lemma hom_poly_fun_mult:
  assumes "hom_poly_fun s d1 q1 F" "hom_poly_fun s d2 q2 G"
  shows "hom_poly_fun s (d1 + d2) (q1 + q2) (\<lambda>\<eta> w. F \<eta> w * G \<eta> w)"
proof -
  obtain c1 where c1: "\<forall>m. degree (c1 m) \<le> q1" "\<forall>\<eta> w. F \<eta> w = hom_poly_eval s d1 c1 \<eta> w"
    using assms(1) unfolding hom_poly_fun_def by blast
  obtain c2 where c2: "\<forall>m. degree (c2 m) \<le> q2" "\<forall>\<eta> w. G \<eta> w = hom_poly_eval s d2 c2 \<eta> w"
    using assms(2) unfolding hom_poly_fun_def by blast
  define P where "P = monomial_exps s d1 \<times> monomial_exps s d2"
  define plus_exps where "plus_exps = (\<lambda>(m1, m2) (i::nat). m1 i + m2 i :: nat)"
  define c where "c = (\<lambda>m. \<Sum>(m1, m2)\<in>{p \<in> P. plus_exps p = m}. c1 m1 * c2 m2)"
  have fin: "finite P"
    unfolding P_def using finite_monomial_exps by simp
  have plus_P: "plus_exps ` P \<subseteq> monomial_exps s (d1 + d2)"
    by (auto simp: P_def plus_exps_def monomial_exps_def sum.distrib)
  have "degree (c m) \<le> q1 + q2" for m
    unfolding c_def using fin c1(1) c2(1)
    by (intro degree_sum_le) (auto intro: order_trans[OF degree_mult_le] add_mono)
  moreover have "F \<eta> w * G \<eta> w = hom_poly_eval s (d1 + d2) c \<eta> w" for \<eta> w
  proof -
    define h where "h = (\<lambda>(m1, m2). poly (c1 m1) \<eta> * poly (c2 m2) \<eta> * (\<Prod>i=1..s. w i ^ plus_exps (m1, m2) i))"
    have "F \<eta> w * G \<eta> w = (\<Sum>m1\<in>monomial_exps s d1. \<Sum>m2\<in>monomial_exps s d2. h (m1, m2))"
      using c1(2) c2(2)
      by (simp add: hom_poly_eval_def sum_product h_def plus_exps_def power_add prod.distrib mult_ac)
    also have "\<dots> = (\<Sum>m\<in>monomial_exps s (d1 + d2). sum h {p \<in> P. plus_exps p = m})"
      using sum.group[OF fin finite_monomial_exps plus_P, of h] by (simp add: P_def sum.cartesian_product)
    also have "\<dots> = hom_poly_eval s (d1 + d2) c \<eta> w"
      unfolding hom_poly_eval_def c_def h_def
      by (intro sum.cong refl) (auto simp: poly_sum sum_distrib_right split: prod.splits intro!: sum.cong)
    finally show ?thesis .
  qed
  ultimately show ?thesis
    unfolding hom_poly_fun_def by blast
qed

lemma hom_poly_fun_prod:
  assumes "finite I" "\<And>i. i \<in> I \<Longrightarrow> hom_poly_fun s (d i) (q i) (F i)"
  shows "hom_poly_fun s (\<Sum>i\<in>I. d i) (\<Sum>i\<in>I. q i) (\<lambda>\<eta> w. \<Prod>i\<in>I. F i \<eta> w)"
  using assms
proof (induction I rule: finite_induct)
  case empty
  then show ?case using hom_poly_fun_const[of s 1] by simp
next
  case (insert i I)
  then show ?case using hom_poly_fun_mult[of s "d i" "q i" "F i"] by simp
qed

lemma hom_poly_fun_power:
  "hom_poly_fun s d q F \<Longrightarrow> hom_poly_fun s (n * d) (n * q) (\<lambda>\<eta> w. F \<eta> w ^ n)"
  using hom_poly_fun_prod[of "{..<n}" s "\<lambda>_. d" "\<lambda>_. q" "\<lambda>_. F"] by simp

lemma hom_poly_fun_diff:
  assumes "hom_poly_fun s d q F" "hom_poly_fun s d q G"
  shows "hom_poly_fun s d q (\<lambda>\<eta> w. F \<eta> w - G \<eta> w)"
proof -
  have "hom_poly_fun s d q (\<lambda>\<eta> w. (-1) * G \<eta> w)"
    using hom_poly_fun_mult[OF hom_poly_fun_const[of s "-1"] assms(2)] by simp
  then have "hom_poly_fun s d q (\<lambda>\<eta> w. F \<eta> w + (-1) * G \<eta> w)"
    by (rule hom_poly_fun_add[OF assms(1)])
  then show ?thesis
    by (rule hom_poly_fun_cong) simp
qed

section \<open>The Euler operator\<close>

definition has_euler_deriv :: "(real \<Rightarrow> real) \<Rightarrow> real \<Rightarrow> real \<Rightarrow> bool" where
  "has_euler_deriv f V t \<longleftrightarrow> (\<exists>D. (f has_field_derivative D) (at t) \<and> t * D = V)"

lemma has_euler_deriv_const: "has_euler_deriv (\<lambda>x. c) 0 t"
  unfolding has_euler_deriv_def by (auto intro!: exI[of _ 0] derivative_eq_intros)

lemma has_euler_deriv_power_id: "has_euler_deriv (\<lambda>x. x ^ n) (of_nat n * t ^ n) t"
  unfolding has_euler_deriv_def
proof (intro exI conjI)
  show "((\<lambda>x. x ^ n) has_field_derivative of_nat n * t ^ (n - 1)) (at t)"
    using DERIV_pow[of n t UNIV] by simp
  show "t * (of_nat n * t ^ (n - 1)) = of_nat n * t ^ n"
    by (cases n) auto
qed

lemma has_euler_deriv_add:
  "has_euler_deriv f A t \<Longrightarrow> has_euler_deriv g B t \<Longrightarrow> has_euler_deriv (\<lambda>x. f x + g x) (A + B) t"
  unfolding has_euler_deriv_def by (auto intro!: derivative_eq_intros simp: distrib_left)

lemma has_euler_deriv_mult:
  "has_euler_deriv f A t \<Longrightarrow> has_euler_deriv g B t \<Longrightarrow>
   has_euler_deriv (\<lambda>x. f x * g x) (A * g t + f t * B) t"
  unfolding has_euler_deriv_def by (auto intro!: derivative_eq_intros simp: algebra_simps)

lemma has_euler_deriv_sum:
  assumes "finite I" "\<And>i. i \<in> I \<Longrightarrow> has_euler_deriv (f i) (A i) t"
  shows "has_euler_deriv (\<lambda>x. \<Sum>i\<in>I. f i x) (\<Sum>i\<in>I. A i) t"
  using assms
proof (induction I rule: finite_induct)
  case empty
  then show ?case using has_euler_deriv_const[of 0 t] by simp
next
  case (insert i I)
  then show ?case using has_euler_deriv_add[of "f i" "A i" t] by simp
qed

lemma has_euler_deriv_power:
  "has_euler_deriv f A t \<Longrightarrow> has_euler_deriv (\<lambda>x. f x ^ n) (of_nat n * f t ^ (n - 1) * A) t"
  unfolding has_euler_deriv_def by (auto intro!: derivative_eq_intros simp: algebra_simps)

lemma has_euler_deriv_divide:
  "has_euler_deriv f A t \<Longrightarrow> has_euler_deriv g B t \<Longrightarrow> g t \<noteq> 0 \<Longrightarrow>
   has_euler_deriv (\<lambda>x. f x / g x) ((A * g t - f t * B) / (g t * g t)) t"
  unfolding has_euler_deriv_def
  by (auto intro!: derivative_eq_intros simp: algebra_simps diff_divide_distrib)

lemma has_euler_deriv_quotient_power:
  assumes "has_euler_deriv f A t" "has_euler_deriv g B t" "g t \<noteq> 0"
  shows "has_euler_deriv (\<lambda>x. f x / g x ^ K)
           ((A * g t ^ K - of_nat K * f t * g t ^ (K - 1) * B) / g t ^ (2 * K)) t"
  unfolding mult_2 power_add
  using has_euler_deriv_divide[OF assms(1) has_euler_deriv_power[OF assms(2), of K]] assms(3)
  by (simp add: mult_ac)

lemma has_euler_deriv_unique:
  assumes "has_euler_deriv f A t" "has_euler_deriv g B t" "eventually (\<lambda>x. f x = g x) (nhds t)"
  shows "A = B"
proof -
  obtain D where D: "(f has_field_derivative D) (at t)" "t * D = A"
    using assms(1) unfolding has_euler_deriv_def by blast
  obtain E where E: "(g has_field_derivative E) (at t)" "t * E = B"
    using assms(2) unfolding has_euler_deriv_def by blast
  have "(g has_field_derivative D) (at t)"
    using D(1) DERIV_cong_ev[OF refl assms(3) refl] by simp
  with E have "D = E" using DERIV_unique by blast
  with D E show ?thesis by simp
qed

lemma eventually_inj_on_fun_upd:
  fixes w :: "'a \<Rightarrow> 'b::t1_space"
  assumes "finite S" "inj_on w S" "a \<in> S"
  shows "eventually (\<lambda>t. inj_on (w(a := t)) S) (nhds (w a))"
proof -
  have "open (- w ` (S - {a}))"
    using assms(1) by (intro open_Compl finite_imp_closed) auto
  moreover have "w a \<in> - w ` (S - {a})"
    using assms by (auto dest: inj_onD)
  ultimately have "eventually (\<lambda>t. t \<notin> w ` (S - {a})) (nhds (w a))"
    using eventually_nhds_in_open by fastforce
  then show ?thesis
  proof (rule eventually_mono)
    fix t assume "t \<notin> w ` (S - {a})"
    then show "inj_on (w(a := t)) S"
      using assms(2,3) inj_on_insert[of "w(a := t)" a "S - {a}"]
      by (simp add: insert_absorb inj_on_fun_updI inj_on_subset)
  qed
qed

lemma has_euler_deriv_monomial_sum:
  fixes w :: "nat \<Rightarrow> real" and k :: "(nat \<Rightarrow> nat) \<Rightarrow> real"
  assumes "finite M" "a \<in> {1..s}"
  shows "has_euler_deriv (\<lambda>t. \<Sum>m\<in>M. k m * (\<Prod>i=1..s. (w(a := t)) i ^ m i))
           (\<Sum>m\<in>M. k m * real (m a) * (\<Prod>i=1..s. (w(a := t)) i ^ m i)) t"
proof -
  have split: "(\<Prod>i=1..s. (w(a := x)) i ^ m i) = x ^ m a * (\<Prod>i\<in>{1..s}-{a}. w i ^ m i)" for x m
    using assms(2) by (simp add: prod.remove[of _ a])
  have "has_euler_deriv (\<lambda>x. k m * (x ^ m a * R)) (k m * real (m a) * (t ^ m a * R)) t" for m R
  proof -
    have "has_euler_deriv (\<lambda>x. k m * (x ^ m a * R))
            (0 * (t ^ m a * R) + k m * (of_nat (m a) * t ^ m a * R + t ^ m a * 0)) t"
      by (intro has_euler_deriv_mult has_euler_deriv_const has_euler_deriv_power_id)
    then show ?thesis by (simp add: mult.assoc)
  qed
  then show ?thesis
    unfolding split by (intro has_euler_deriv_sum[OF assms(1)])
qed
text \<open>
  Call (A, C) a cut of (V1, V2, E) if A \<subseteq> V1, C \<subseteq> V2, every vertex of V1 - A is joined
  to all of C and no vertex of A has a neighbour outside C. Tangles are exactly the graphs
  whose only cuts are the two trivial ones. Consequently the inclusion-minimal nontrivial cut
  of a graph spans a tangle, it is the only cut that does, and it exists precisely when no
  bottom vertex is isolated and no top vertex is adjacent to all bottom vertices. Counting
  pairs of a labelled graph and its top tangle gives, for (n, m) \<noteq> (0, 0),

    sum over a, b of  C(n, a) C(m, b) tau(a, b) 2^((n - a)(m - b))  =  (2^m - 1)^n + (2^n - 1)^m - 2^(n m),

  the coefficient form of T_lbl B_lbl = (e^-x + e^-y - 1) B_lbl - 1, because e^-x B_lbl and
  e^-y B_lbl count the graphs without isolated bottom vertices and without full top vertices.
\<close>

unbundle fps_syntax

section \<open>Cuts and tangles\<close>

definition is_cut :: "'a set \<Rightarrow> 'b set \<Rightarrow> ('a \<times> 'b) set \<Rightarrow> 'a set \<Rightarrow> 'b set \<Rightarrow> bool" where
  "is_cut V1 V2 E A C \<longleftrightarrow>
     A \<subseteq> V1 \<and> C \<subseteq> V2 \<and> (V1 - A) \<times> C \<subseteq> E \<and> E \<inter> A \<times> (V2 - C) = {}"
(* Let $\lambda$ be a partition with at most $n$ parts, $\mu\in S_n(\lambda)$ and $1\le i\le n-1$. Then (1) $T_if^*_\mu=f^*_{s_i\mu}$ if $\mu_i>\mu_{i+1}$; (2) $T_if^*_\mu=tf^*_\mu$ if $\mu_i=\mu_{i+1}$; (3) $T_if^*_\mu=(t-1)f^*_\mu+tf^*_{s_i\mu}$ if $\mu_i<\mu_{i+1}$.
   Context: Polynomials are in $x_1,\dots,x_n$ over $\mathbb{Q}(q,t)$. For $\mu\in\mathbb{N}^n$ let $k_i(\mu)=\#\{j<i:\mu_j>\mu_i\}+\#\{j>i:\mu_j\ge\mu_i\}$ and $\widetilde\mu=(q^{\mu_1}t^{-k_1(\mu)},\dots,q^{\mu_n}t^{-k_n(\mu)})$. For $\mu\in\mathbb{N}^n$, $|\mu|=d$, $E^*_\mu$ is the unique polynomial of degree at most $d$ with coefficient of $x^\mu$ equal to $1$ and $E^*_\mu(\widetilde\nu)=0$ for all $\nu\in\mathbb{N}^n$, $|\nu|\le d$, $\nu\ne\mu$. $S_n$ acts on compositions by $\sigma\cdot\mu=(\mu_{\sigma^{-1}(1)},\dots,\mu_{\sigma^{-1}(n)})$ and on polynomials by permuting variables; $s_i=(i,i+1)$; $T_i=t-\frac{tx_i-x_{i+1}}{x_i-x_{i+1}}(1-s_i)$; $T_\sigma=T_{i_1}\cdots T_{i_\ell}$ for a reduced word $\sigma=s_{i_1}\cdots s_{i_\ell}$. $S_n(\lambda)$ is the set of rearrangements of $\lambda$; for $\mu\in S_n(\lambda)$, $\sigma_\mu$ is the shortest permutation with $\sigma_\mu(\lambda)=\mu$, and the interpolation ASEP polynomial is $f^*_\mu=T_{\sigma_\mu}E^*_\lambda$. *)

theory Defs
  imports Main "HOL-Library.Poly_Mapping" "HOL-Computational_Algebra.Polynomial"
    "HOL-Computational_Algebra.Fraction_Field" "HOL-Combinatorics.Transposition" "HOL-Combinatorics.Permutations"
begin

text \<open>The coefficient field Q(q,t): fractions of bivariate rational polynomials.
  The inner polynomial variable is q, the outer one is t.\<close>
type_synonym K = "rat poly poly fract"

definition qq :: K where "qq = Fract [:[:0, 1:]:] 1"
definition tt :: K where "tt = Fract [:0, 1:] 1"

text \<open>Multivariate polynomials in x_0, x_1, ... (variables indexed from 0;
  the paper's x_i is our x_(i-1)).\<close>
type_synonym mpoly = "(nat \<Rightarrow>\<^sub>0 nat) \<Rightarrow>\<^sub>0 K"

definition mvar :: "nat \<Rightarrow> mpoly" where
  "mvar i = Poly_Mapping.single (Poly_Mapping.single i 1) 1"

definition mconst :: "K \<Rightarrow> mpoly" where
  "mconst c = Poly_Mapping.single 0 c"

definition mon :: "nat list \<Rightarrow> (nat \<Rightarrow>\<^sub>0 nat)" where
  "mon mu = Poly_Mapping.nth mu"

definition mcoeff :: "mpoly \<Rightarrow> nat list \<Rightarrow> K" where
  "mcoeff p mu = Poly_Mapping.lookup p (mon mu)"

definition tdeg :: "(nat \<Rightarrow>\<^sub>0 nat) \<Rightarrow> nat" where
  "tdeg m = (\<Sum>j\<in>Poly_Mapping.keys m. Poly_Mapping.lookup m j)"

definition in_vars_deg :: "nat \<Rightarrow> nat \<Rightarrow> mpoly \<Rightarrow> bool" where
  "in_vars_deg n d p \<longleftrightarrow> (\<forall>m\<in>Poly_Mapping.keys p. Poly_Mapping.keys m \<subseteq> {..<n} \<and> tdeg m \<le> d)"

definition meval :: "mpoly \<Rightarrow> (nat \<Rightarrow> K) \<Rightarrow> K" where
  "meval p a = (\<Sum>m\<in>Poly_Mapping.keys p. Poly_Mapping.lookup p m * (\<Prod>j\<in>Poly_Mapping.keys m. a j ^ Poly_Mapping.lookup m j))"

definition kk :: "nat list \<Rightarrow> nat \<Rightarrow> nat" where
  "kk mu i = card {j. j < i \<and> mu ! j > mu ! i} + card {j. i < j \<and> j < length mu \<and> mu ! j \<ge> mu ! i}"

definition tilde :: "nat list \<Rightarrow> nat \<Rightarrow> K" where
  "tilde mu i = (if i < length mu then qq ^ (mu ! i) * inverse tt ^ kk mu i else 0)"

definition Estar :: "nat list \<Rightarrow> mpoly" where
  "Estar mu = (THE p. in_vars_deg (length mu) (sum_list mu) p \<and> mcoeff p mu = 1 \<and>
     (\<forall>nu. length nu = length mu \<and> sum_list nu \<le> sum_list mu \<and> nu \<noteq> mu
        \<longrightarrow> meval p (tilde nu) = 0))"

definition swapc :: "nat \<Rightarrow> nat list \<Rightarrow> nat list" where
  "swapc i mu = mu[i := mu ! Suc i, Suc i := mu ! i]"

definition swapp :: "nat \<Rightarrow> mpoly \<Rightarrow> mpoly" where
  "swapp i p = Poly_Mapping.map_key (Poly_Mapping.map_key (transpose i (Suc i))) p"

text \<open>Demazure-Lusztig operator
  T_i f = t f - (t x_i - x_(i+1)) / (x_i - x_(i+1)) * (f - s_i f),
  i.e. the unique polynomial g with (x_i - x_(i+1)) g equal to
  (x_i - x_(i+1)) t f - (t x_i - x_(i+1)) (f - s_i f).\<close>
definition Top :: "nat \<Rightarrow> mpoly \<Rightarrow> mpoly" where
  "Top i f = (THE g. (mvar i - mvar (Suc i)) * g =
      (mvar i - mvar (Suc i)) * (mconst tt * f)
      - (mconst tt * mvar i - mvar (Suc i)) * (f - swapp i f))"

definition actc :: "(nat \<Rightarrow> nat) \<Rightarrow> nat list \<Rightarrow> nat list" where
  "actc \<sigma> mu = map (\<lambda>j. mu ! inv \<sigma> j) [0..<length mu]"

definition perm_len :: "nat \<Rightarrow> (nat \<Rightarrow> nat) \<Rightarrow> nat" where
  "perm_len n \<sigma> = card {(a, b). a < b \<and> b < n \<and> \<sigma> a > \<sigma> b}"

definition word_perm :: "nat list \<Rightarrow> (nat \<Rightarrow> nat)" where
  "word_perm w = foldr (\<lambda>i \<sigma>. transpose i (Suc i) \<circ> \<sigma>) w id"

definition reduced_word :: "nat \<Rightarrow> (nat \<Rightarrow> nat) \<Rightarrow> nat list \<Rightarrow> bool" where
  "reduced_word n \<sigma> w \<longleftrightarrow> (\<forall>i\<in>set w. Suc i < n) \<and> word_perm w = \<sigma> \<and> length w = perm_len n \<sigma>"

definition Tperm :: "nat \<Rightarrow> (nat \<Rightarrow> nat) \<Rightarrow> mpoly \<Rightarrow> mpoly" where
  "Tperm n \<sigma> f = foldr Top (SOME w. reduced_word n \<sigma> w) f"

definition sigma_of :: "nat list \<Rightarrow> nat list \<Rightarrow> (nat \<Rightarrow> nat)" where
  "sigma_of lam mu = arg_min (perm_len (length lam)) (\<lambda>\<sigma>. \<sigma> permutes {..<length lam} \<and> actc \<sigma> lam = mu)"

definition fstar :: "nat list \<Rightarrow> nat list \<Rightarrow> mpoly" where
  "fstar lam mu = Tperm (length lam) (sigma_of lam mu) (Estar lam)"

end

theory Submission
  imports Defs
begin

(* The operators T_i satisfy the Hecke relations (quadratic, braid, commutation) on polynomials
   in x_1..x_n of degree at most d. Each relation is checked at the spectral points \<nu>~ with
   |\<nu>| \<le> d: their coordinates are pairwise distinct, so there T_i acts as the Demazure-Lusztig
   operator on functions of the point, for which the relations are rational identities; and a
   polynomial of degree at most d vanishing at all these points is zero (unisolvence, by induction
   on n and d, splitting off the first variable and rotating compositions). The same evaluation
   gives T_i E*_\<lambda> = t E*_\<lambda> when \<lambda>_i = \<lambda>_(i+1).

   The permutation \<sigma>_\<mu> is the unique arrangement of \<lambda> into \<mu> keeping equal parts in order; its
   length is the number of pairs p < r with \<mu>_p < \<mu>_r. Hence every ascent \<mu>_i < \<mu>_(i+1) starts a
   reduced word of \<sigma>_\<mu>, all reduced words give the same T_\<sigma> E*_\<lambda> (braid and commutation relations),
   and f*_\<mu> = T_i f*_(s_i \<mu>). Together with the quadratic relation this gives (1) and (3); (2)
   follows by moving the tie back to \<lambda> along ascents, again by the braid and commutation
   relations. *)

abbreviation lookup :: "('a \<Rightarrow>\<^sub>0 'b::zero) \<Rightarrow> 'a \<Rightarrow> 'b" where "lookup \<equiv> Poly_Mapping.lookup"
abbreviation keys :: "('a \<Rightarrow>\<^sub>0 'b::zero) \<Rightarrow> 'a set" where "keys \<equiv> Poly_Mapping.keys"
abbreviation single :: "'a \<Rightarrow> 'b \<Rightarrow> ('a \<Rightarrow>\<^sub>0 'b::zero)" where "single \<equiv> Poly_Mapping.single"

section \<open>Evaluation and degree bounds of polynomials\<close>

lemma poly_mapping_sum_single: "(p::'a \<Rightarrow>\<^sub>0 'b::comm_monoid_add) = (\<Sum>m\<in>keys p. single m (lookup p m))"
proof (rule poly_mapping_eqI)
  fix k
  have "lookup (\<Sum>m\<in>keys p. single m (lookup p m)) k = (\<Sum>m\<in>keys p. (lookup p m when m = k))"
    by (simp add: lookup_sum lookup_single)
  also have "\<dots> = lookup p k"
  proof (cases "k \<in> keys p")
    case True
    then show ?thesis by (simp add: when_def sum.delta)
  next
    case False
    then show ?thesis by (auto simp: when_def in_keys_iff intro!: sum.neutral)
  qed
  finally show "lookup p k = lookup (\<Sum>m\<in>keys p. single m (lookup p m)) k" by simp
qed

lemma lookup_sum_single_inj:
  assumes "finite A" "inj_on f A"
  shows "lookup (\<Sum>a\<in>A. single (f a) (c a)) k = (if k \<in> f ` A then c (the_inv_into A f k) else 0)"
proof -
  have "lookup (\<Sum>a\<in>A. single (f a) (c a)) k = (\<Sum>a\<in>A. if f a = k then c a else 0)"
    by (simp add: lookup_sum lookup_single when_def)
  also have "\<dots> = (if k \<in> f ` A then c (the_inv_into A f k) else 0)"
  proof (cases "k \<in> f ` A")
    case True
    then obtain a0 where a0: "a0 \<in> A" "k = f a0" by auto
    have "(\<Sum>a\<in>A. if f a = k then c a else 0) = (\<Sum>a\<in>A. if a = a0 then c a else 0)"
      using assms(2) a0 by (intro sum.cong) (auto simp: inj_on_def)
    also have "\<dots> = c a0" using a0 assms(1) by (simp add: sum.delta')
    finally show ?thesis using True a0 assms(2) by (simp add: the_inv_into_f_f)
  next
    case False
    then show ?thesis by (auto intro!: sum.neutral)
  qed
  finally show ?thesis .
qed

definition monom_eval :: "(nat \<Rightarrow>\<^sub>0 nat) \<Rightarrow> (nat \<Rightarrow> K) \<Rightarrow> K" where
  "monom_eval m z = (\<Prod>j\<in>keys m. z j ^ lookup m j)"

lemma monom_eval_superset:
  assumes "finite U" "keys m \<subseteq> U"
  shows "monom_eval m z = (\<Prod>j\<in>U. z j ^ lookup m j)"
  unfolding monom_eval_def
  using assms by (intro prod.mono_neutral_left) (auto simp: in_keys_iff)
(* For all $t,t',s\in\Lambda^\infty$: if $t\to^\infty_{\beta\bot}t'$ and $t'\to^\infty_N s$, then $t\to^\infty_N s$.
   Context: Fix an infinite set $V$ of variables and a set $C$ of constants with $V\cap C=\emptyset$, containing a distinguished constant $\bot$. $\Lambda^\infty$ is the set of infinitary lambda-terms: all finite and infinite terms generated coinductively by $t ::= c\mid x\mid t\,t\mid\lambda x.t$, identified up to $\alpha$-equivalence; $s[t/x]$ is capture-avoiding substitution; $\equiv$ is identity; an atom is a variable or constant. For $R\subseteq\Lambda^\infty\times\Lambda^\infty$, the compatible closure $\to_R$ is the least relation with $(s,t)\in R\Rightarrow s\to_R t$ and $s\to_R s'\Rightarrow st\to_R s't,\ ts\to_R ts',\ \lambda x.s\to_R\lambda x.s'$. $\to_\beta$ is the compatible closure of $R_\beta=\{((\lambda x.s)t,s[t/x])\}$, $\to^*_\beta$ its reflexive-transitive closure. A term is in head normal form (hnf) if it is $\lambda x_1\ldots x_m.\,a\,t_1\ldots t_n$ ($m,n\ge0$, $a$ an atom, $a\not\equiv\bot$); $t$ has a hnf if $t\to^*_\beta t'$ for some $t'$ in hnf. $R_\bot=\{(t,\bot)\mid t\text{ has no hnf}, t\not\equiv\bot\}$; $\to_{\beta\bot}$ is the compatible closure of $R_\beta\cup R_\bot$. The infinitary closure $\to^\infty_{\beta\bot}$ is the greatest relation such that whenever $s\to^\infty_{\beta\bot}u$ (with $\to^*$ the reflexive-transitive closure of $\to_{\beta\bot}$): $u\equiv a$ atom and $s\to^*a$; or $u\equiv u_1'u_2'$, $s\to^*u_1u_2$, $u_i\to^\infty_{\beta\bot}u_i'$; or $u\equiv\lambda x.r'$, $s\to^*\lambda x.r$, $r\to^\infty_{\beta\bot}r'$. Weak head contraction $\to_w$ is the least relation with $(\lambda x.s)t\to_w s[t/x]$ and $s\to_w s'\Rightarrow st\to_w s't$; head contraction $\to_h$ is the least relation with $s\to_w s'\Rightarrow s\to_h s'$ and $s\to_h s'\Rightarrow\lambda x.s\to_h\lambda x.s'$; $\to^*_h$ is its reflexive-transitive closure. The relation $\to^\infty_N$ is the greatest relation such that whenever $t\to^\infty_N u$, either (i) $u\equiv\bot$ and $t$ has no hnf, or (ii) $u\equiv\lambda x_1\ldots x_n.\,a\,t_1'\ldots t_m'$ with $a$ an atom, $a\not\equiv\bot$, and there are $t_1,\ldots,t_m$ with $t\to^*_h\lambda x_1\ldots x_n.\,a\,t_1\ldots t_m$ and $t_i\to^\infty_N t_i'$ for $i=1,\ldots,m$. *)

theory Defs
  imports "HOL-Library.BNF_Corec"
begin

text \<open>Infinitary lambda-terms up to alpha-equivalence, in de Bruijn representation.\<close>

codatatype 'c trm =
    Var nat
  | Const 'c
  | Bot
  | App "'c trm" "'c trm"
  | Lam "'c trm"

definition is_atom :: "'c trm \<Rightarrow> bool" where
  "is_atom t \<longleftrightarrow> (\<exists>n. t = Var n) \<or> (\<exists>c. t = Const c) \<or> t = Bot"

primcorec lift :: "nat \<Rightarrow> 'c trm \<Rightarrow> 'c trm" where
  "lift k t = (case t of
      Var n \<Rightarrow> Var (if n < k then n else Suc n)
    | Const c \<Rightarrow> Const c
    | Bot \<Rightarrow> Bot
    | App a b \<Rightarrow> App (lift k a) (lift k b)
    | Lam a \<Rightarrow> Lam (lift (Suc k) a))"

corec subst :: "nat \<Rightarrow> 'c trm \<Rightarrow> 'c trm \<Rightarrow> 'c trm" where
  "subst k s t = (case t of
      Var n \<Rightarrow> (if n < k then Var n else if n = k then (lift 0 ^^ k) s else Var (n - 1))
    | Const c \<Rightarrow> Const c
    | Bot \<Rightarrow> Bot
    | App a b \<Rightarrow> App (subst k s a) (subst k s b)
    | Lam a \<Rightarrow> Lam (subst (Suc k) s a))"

----------------------------------------

Where a line of the data includes the string "rule", list that line.

proof (induction I rule: finite_induct)
    by (rule hom_poly_fun_add[OF assms(1)])
    by (rule hom_poly_fun_cong) simp
proof (induction I rule: finite_induct)
  proof (rule eventually_mono)
proof (rule poly_mapping_eqI)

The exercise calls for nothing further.